Implementation of K-Means, Self-Organising Maps, QT and Hierarchical clustering algorithms, in Clojure.
MIT License
Implementation of K-Means, QT and Hierarchical clustering algorithms, in Clojure/Clojurescript.
You will need Leiningen 2.7.1 or above installed.
To build and install the library locally, run:
$ cd clustering
$ lein test
$ lein install
There is a version hosted at Clojars. For leiningen include a dependency:
[rm-hull/clustering "0.2.0"]
For maven-based projects, add the following to your pom.xml
:
<dependency>
<groupId>rm-hull</groupId>
<artifactId>clustering</artifactId>
<version>0.2.0</version>
</dependency>
See www.destructuring-bind.org/clustering for API details.
The main entry point to all the algorithms is the cluster
function in each of
the clustering.core.qt
, clustering.core.k-means
and
clustering.core.hierarchical
namespaces. Generally all cluster variants
require a distance function and a dataset (sequence/collection/...), where:
the distance function should take two dataset items and perform some scalar measure of distance between the two points. Typical applications include euclidean distance, manhattan distance or pearson distance.
the dataset should be a SEQable collection of data points that would be clustered.
The K-means and hierarchical clustering algorithms also require an averaging function that takes a number of dataset items and creates an "average" based on those items.

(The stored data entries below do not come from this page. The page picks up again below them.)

theorem lemma8:
  fixes n m :: nat and E :: "nat set set" and s t :: nat
  assumes "n \<ge> 5" and "m \<ge> 5"
    and "two_terminal_graph n m E s t"
    and "\<not> true_twins E s t"
  shows "\<exists>E' s' t'. two_terminal_graph n m E' s' t' \<and> true_twins E' s' t' \<and>
           d_stronger 3 m E' s' t' E s t"
proof -
  obtain E1 where E1: "two_terminal_graph n m E1 s t" "{s,t} \<in> E1" "d_stronger 3 m E1 s t E s t"
    using d_stronger_with_terminal_edge[OF assms(3,2,4)] by blast
  obtain E2 where
    "two_terminal_graph n m E2 s t" "true_twins E2 s t" "weakly_stronger 3 E2 s t E1 s t"
    using weakly_stronger_true_twins[OF E1(1) _ E1(2)] assms(1) by auto
  then show ?thesis
    using d_stronger_weakly_stronger_trans E1(3) by blast
qed

end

The below examples show distance and averaging functions on a 1-dimensional
dataset comprising of dates. For most numeric datasets, any of the distance
measures in clustering.distance
would be sufficient; these implementations
can handle arbitrarily-large n-dimensional datasets.

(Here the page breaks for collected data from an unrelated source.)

theorem mainTheorem8:
  fixes M :: "'a measure" and X :: "int \<Rightarrow> 'a \<Rightarrow> real"
    and C :: "int \<Rightarrow> real" and h :: "int \<Rightarrow> real"
  assumes "prob_space M"
    and "\<And>t. X t \<in> borel_measurable M"
    and "\<And>t. integrable M (\<lambda>\<omega>. (X t \<omega>)\<^sup>2)"
    and "\<And>t. (\<integral>\<omega>. X t \<omega> \<partial>M) = 0"
    and "\<And>t \<tau>. (\<integral>\<omega>. X t \<omega> * X (t + \<tau>) \<omega> \<partial>M) = C \<tau>"
    and "(\<lambda>\<tau>. \<bar>C \<tau>\<bar>) summable_on UNIV"
    and "(\<lambda>\<tau>. \<bar>h \<tau>\<bar>) summable_on UNIV"
  shows "(\<lambda>N. \<bar>ntrace {-int N..int N - 1} (cov_matrix M (filt_out X h))
              - ntrace {-int N..int N - 1} (cov_matrix M (trunc_out X h N))\<bar>)
           \<longlonglongrightarrow> 0"
proof -
  interpret stationary_filter M X C h
    by (rule stationary_filter.intro[OF assms(1)]) (unfold_locales; fact assms(2-7))
  have "(\<lambda>N. (\<Sum>k\<in>{-int N..int N - 1}. h_tail {k - int N + 1..k + int N}) / real (2 * N))
      \<longlonglongrightarrow> 0"
    unfolding h_tail_def by (rule window_tails_average_tendsto_zero) (auto simp: summable_h)
  then have gap_bound: "(\<lambda>N. 2 * C_norm * h_norm
      * ((\<Sum>k\<in>{-int N..int N - 1}. h_tail {k - int N + 1..k + int N}) / real (2 * N))) \<longlonglongrightarrow> 0"
    by (rule tendsto_mult_right_zero)
  show ?thesis
    by (rule tendsto_sandwich[OF _ _ tendsto_const gap_bound]) (simp, intro always_eventually allI ntrace_cov_gap_le)
qed

end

For non-numeric data, it would be necessary to either provide a mapper method to 'convert' non-numeric values into a meaningful numeric value (and then use the provided distance functions), or implement your own custom distance function.

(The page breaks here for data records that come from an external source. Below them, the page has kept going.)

(* Let $Y$ be a first-countable topological space such that $\mathrm{H}_1([0,1],Y)\subseteq \mathrm{B}_1([0,1],Y)$. Then $Y$ is locally almost arcwise connected.
   Context: $\mathrm{H}_1(X,Y)$: mappings $f:X\to Y$ with $f^{-1}(V)$ an $F_\sigma$-set for every open $V\subseteq Y$. $\mathrm{B}_1(X,Y)$: pointwise limits of sequences of continuous mappings $X\to Y$. Two sets $A,B$ are joined by an arc in a set $S$ if there is a continuous $\gamma:[0,1]\to Y$ with $\gamma([0,1])\subseteq S$, $\gamma(0)\in A$, $\gamma(1)\in B$. $Y$ is locally almost arcwise connected at $y$ if for every neighborhood $V$ of $y$ there is a neighborhood $U\subseteq V$ of $y$ such that each pair of nonempty open subsets of $U$ can be joined by an arc in $\overline V$; $Y$ is locally almost arcwise connected if this holds at every point. *)

theory Defs
  imports "HOL-Analysis.Analysis"
begin

definition fsigma_in_unit :: "real set \<Rightarrow> bool" where
  "fsigma_in_unit S \<longleftrightarrow>
     (\<exists>C :: nat \<Rightarrow> real set. (\<forall>n. closedin (top_of_set {0..1}) (C n)) \<and> S = (\<Union>n. C n))"

definition H1_unit :: "(real \<Rightarrow> 'a::topological_space) \<Rightarrow> bool" where
  "H1_unit f \<longleftrightarrow> (\<forall>V. open V \<longrightarrow> fsigma_in_unit ({0..1} \<inter> f -` V))"

definition B1_unit :: "(real \<Rightarrow> 'a::topological_space) \<Rightarrow> bool" where
  "B1_unit f \<longleftrightarrow> (\<exists>g :: nat \<Rightarrow> real \<Rightarrow> 'a.
      (\<forall>n. continuous_on {0..1} (g n)) \<and>
      (\<forall>x\<in>{0..1}. (\<lambda>n. g n x) \<longlonglongrightarrow> f x))"

definition is_nhd :: "'a::topological_space set \<Rightarrow> 'a \<Rightarrow> bool" where
  "is_nhd V y \<longleftrightarrow> (\<exists>W. open W \<and> y \<in> W \<and> W \<subseteq> V)"

definition joined_by_arc_in :: "'a::topological_space set \<Rightarrow> 'a set \<Rightarrow> 'a set \<Rightarrow> bool" where
  "joined_by_arc_in A B S \<longleftrightarrow>
     (\<exists>\<gamma> :: real \<Rightarrow> 'a. continuous_on {0..1} \<gamma> \<and> \<gamma> ` {0..1} \<subseteq> S \<and> \<gamma> 0 \<in> A \<and> \<gamma> 1 \<in> B)"

definition loc_almost_arcwise_connected_at :: "'a::topological_space \<Rightarrow> bool" where
  "loc_almost_arcwise_connected_at y \<longleftrightarrow>
     (\<forall>V. is_nhd V y \<longrightarrow>
        (\<exists>U. U \<subseteq> V \<and> is_nhd U y \<and>
           (\<forall>A B. open A \<and> A \<subseteq> U \<and> A \<noteq> {} \<and> open B \<and> B \<subseteq> U \<and> B \<noteq> {} \<longrightarrow>
                  joined_by_arc_in A B (closure V))))"

definition loc_almost_arcwise_connected :: "'a::topological_space itself \<Rightarrow> bool" where
  "loc_almost_arcwise_connected _ \<longleftrightarrow> (\<forall>y::'a. loc_almost_arcwise_connected_at y)"

end

theory Submission
  imports Defs
begin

Likewise, there exists a generic clustering.average
namespace that operates
on arbitrarily-large n-dimensional numeric datasets.
From: https://sites.google.com/site/dataclusteringalgorithms/quality-threshold-clustering-algorithm-1
Initialize the threshold distance allowed for clusters and the minimum cluster size.
Build a candidate cluster for each data point by including the closest point, the next closest, and so on, until the distance of the cluster surpasses the threshold.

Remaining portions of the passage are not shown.